Помня, что за домом следят люди Громовых, я не препятствую маме открыть дверь. Любая подозрительная личность и на километр к нам не приблизится. Хотя появившийся на пороге гость все равно вызывает массу вопросов.
— Добрый день, Елизавета Геннадьевна! — уже хорошо знакомый мне голос лучится бодростью.
— Здравствуйте. Мы с вами знакомы?
— Возможно, вы меня не помните. Я и сам только сегодня понял, почему мне ваша фамилия знакома. Я Тимур Беркутов. Еще когда я был мальчишкой, вы работали у Громовых…
— Тимур! — оживает мама, впуская его в квартиру и закрывая дверь. — Конечно, я вас помню. Глазам не верю. Сколько лет прошло.
Пока мама радостно вспоминает, как Тимур после школы болтался у Громовых, расспрашивает про его брата и как у них обоих жизнь сложилась, я лихорадочно соображаю, что вообще принесло к нам майора. Ладони от ужаса потеют, и пальцы дрожат.
— Чаю, кофе? Пообедаете? — гостеприимно приглашает его мама к столу.
— Нет-нет, спасибо. Служба. На самом деле, я приехал поговорить с Екатериной.
Черт! Он знает, что я дома!
Отставив йогурт, набираю в грудь побольше воздуха и выхожу из комнаты. Майор с победным выражением лица, будто вытянул выигрышный билет, встречает меня довольной улыбкой.
— Мам, позвони, пожалуйста, Соньке. Если она не на смене, пусть придет. Поболтаем.
Сообразив, что тем самым я прошу маму оставить нас с Тимуром наедине, она уходит на кухню и закрывает дверь.
— Проходите. — Я указываю майору на гостиную. — Как же вас пропустили-то?
— Ваш КПП мне не страшен, — улыбается он, входя в гостиную и разглядывая простенький интерьер. — За что вас так охраной окружили?
— Я невеста Антона Громова. Это логично. У него много врагов и недоброжелателей. — Я сажусь на диван и расслабленно кладу ногу на ногу. Нельзя показывать майору свое волнение. Спалюсь. — А вы с лекцией о последствиях за ложные вызовы?
— Вот когда сделаете ложный вызов, тогда и проведу лекцию, — подмигивает майор и переключается на разглядывание маминых статуэток — фарфоровых кошек. — У меня было достаточно времени, Катерина, чтобы собрать картинку воедино. Вот что я думаю: вы совершенно случайно проглотили кольцо, предназначенное другой, а в страхе за свою жизнь согласились стать невестой Антона Громова. Так?
— А вы у Инессы спросите. Она наверняка знает правду, — язвлю я.
Беркутова больше не интересуют статуэтки. Он нацеливает все свое внимание на меня, медленно подходит и, сев рядом на корточки, как-то по-братски тепло берет мои поледеневшие пальцы в свои ладони.
— Катя, — говорит, глядя в глаза, — у твоей бабушки сейчас наш агент под видом соцработника. Здесь я. Если тебе угрожают, скажи сейчас. Я даю последний шанс тебе. И себе.

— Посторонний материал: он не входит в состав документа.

(* For a random set of $n$ source symbols and a corresponding regular IBLT with $m$ coded symbols, the probability that the peeling decoder can recover at least one source symbol decreases exponentially in $n/m$.
   Context: A regular IBLT with parameters $m,k$ consists of $m$ coded symbols; each source symbol is mapped to $k$ of the $m$ coded symbols chosen uniformly at random (independently for different source symbols). The peeling decoder repeatedly finds a pure coded symbol (one with exactly one not-yet-recovered source symbol mapped to it), recovers that source symbol, and removes it from all coded symbols it is mapped to, stopping when no pure coded symbol remains; in particular it recovers nothing if initially no coded symbol is pure. *)

theory Defs
  imports "HOL-Probability.Probability"
begin

text \<open>Source symbols are indexed by 0..<n, coded symbols by 0..<m.
  A mapping h assigns to each source symbol i the set h i of the k coded
  symbols it is mapped to.\<close>

definition cell_choice_pmf :: "nat \<Rightarrow> nat \<Rightarrow> nat set pmf" where
  "cell_choice_pmf m k = pmf_of_set {S. S \<subseteq> {..<m} \<and> card S = k}"

definition iblt_pmf :: "nat \<Rightarrow> nat \<Rightarrow> nat \<Rightarrow> (nat \<Rightarrow> nat set) pmf" where
  "iblt_pmf n m k = Pi_pmf {..<n} {} (\<lambda>_. cell_choice_pmf m k)"

text \<open>Set of source symbols recovered by the peeling decoder: source i is
  recovered iff it lies in some coded symbol j all of whose other source
  symbols have already been recovered (then j becomes pure with i as its
  only not-yet-recovered source symbol). This least fixed point is exactly
  the output of the peeling decoder (which is independent of the order of
  peeling).\<close>
inductive_set peel_recovered :: "nat \<Rightarrow> (nat \<Rightarrow> nat set) \<Rightarrow> nat set"
  for n :: nat and h :: "nat \<Rightarrow> nat set" where
  peel: "i < n \<Longrightarrow> j \<in> h i \<Longrightarrow>
         (\<forall>i'<n. i' \<noteq> i \<and> j \<in> h i' \<longrightarrow> i' \<in> peel_recovered n h) \<Longrightarrow>
         i \<in> peel_recovered n h"

definition prob_recover_some :: "nat \<Rightarrow> nat \<Rightarrow> nat \<Rightarrow> real" where
  "prob_recover_some n m k =
     measure_pmf.prob (iblt_pmf n m k) {h. peel_recovered n h \<noteq> {}}"

end

theory Submission
  imports Defs
begin

text \<open>Peeling can only start at a coded symbol that is pure from the outset, i.e. one to which
  exactly one source symbol is mapped. For fixed source i and coded symbol j this requires
  the other n - 1 source symbols to avoid j, which happens with probability
  (1 - k/m)^(n-1) \<le> exp (-(n-1)/m). A union bound over the m n pairs (i, j) gives
  m n exp (-(n-1)/m), and the linear factor n is absorbed by halving the exponent.\<close>

lemma peel_recovered_nonempty_imp_pure:
  assumes "x \<in> peel_recovered n h"
  shows "\<exists>i<n. \<exists>j \<in> h i. \<forall>i'<n. i' \<noteq> i \<longrightarrow> j \<notin> h i'"
  using assms
proof (induction rule: peel_recovered.induct)
  case (peel i j)
  show ?case
  proof (cases "\<exists>i'<n. i' \<noteq> i \<and> j \<in> h i'")
    case True
    then show ?thesis using peel.IH by blast
  next
    case False
    then show ?thesis using peel.hyps by blast
  qed
qed

lemma k_subsets_finite_nonempty:
  assumes "k \<le> m"
  shows "finite {S. S \<subseteq> {..<m} \<and> card S = k}" "{S. S \<subseteq> {..<m} \<and> card S = k} \<noteq> {}"
proof -
  show "finite {S. S \<subseteq> {..<m} \<and> card S = k}"
    by (rule finite_subset[of _ "Pow {..<m}"]) auto
  have "{..<k} \<in> {S. S \<subseteq> {..<m} \<and> card S = k}" using assms by auto
  then show "{S. S \<subseteq> {..<m} \<and> card S = k} \<noteq> {}" by blast
qed

lemma set_pmf_cell_choice_pmf:
  assumes "k \<le> m"
  shows "set_pmf (cell_choice_pmf m k) = {S. S \<subseteq> {..<m} \<and> card S = k}"
  unfolding cell_choice_pmf_def using k_subsets_finite_nonempty[OF assms] by simp

lemma iblt_pmf_cells_subset:
  assumes "k \<le> m" "h \<in> set_pmf (iblt_pmf n m k)" "i < n"
  shows "h i \<subseteq> {..<m}"
  using assms by (auto simp: iblt_pmf_def set_Pi_pmf set_pmf_cell_choice_pmf PiE_dflt_def)

lemma prob_cell_choice_avoid:
  assumes "k \<le> m" "j < m"
  shows "measure_pmf.prob (cell_choice_pmf m k) {S. j \<notin> S} = (real m - real k) / real m"
proof -
  define K where "K = {S. S \<subseteq> {..<m} \<and> card S = k}"
  have card_K: "card K = m choose k"
    unfolding K_def using n_subsets[of "{..<m}" k] by simp
  have "K \<inter> {S. j \<notin> S} = {S. S \<subseteq> {..<m} - {j} \<and> card S = k}"
    unfolding K_def by auto
  then have card_avoid: "card (K \<inter> {S. j \<notin> S}) = (m - 1) choose k"
    using n_subsets[of "{..<m} - {j}" k] assms by simp
  have "real ((m - k) * (m choose k)) = real (m * ((m - 1) choose k))"
    using binomial_absorb_comp[of m k] by simp
  then have "real ((m - 1) choose k) = (real m - real k) * real (m choose k) / real m"
    using assms by (simp add: of_nat_diff field_simps)
  moreover note k_subsets_finite_nonempty[OF assms(1), folded K_def]
  ultimately show ?thesis
    using assms unfolding cell_choice_pmf_def K_def[symmetric]
    by (simp add: measure_pmf_of_set card_K card_avoid)
qed
lemma prob_iblt_others_avoid:
  assumes "k \<le> m" "j < m" "i < n"
  shows "measure_pmf.prob (iblt_pmf n m k) {h. \<forall>i'<n. i' \<noteq> i \<longrightarrow> j \<notin> h i'}
           = ((real m - real k) / real m) ^ (n - 1)"
proof -
  have "{h. \<forall>i'<n. i' \<noteq> i \<longrightarrow> j \<notin> h i'}
          = Pi {..<n} (\<lambda>i'. if i' = i then UNIV else {S. j \<notin> S})"
    by (auto simp: Pi_def)
  then have "measure_pmf.prob (iblt_pmf n m k) {h. \<forall>i'<n. i' \<noteq> i \<longrightarrow> j \<notin> h i'}
      = (\<Prod>i'\<in>{..<n}. if i' = i then 1 else (real m - real k) / real m)"
    unfolding iblt_pmf_def using prob_cell_choice_avoid[OF assms(1,2)]
    by (simp add: measure_Pi_pmf_Pi if_distrib cong: if_cong)
  also have "\<dots> = ((real m - real k) / real m) ^ (n - 1)"
  proof -
    have "{..<n} \<inter> - {i} = {..<n} - {i}" by blast
    then show ?thesis using assms(3) by (simp add: prod.If_cases card_Diff_singleton)
  qed
  finally show ?thesis .
qed

lemma prob_recover_some_le:
  assumes "k \<le> m"
  shows "prob_recover_some n m k \<le> real m * real n * ((real m - real k) / real m) ^ (n - 1)"
proof -
  define M where "M = iblt_pmf n m k"
  define pure where "pure j i = {h. \<forall>i'<n. i' \<noteq> i \<longrightarrow> j \<notin> h i'}" for j i :: nat
  have "{h. peel_recovered n h \<noteq> {}} \<inter> set_pmf M \<subseteq> (\<Union>j<m. \<Union>i<n. pure j i)"
  proof
    fix h assume h: "h \<in> {h. peel_recovered n h \<noteq> {}} \<inter> set_pmf M"
    then obtain i j where "i < n" "j \<in> h i" "\<forall>i'<n. i' \<noteq> i \<longrightarrow> j \<notin> h i'"
      using peel_recovered_nonempty_imp_pure by blast
    moreover have "h i \<subseteq> {..<m}"
      using iblt_pmf_cells_subset[OF assms] h \<open>i < n\<close> unfolding M_def by blast
    ultimately show "h \<in> (\<Union>j<m. \<Union>i<n. pure j i)" unfolding pure_def by blast
  qed
  then have "prob_recover_some n m k \<le> measure_pmf.prob M (\<Union>j<m. \<Union>i<n. pure j i)"
    unfolding prob_recover_some_def M_def
    by (subst measure_Int_set_pmf[symmetric]) (intro measure_pmf.finite_measure_mono, auto)
  also have "\<dots> \<le> (\<Sum>j<m. measure_pmf.prob M (\<Union>i<n. pure j i))"
    by (intro measure_pmf.finite_measure_subadditive_finite) auto
  also have "\<dots> \<le> (\<Sum>j<m. \<Sum>i<n. measure_pmf.prob M (pure j i))"
    by (intro sum_mono measure_pmf.finite_measure_subadditive_finite) auto
  also have "\<dots> = real m * real n * ((real m - real k) / real m) ^ (n - 1)"
    unfolding M_def pure_def by (simp add: prob_iblt_others_avoid[OF assms])
  finally show ?thesis .
qed

lemma linear_times_power_le_exp:
  fixes a q :: real
  assumes "a > 0" "0 \<le> q" "q \<le> exp (- a)"
  shows "real n * q ^ (n - 1) \<le> 2 / a * exp a * exp (- (a / 2) * real n)"
proof (cases "n = 0")
  case False
  have "q ^ (n - 1) \<le> exp (- a) ^ (n - 1)"
    using assms(3,2) by (rule power_mono)
  also have "\<dots> = exp a * exp (- a * real n)"
    using False by (simp add: of_nat_diff algebra_simps flip: exp_of_nat_mult exp_add)
  finally have power_le: "q ^ (n - 1) \<le> exp a * exp (- a * real n)" .
  have "a / 2 * real n \<le> exp (a / 2 * real n)"
    using exp_ge_add_one_self[of "a / 2 * real n"] by linarith
  then have linear_le: "real n \<le> 2 / a * exp (a / 2 * real n)"
    using assms(1) by (simp add: field_simps)
  have "real n * q ^ (n - 1) \<le> 2 / a * exp (a / 2 * real n) * (exp a * exp (- a * real n))"
    using power_le linear_le assms(1,2) by (intro mult_mono) auto
  also have "\<dots> = 2 / a * exp a * exp (- (a / 2) * real n)"
    by (simp add: algebra_simps flip: exp_add)
  finally show ?thesis .
qed (use assms(1) in simp)

lemma avoid_ratio_le_exp:
  assumes "1 \<le> k" "k \<le> m"
  shows "(real m - real k) / real m \<le> exp (- (1 / real m))"
proof -
  have "(real m - real k) / real m \<le> 1 + (- 1 / real m)"
    using assms by (simp add: field_simps)
  also have "\<dots> \<le> exp (- 1 / real m)" by (rule exp_ge_add_one_self)
  finally show ?thesis by simp
qed

theorem theoremA1:
  fixes k :: nat
  assumes "k \<ge> 1"
  shows "\<exists>c::real. c > 0 \<and>
           (\<forall>m::nat. m \<ge> k \<longrightarrow>
              (\<exists>C::real. \<forall>n::nat.
                 prob_recover_some n m k \<le> C * exp (- c * (real n / real m))))"
proof (rule exI[of _ "1/2"], intro conjI allI impI)
  fix m :: nat assume "m \<ge> k"
  define q where "q = (real m - real k) / real m"
  have "real m > 0" "0 \<le> q" "q \<le> exp (- (1 / real m))"
    using assms \<open>m \<ge> k\<close> avoid_ratio_le_exp unfolding q_def by auto
  show "\<exists>C. \<forall>n. prob_recover_some n m k \<le> C * exp (- (1/2) * (real n / real m))"
  proof (intro exI[of _ "real m * (2 * real m * exp (1 / real m))"] allI)
    fix n :: nat
    have "prob_recover_some n m k \<le> real m * (real n * q ^ (n - 1))"
      using prob_recover_some_le[OF \<open>m \<ge> k\<close>] unfolding q_def by (simp add: mult.assoc)
    also have "\<dots> \<le> real m * (2 * real m * exp (1 / real m) * exp (- (1/2) * (real n / real m)))"
      using linear_times_power_le_exp[of "1 / real m" q n] \<open>real m > 0\<close> \<open>0 \<le> q\<close> \<open>q \<le> _\<close>
      by (intro mult_left_mono) (auto simp: ac_simps)
    finally show "prob_recover_some n m k
        \<le> real m * (2 * real m * exp (1 / real m)) * exp (- (1/2) * (real n / real m))"
      by (simp add: mult.assoc)
  qed
qed simp

end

Я хмурюсь, не понимая, о чем он.
— Дело с Громовыми затянулось. На меня давят сверху. Если я не прекращу, меня лишат погон. Полковник выдвинул последнее предупреждение.
Пять дней назад я мечтала о такой возможности. Выдала бы Антона со всеми потрохами. Сейчас же смотрю на майора и признаюсь самой себе, что полюбила того дурака со всеми его недостатками. Нутром чую, что он может измениться, отречься от соблазнов власти. И шанс я хочу дать ему, а не нам с майором.
— Извините, но я ничем не могу вам помочь. — Вытягиваю свои пальцы из мужских рук. — Я люблю Антона, и скоро мы поженимся.
Беркутов секунду сверлит меня взглядом. Скорее всего, мое решение поставит крест на его карьере или подпортит репутацию. Но о нем я хотя бы не буду сожалеть.
— Если у вас больше нет вопросов, позвольте мне отдохнуть.
Вздохнув, майор встает. Глаз не отводит. Ждет, надеется. Но не получив желаемого, выходит в коридор.
— Бандиты бывшими не бывают, Катерина, — говорит мне на прощание, обуваясь. — Вы могли остановить неминуемое.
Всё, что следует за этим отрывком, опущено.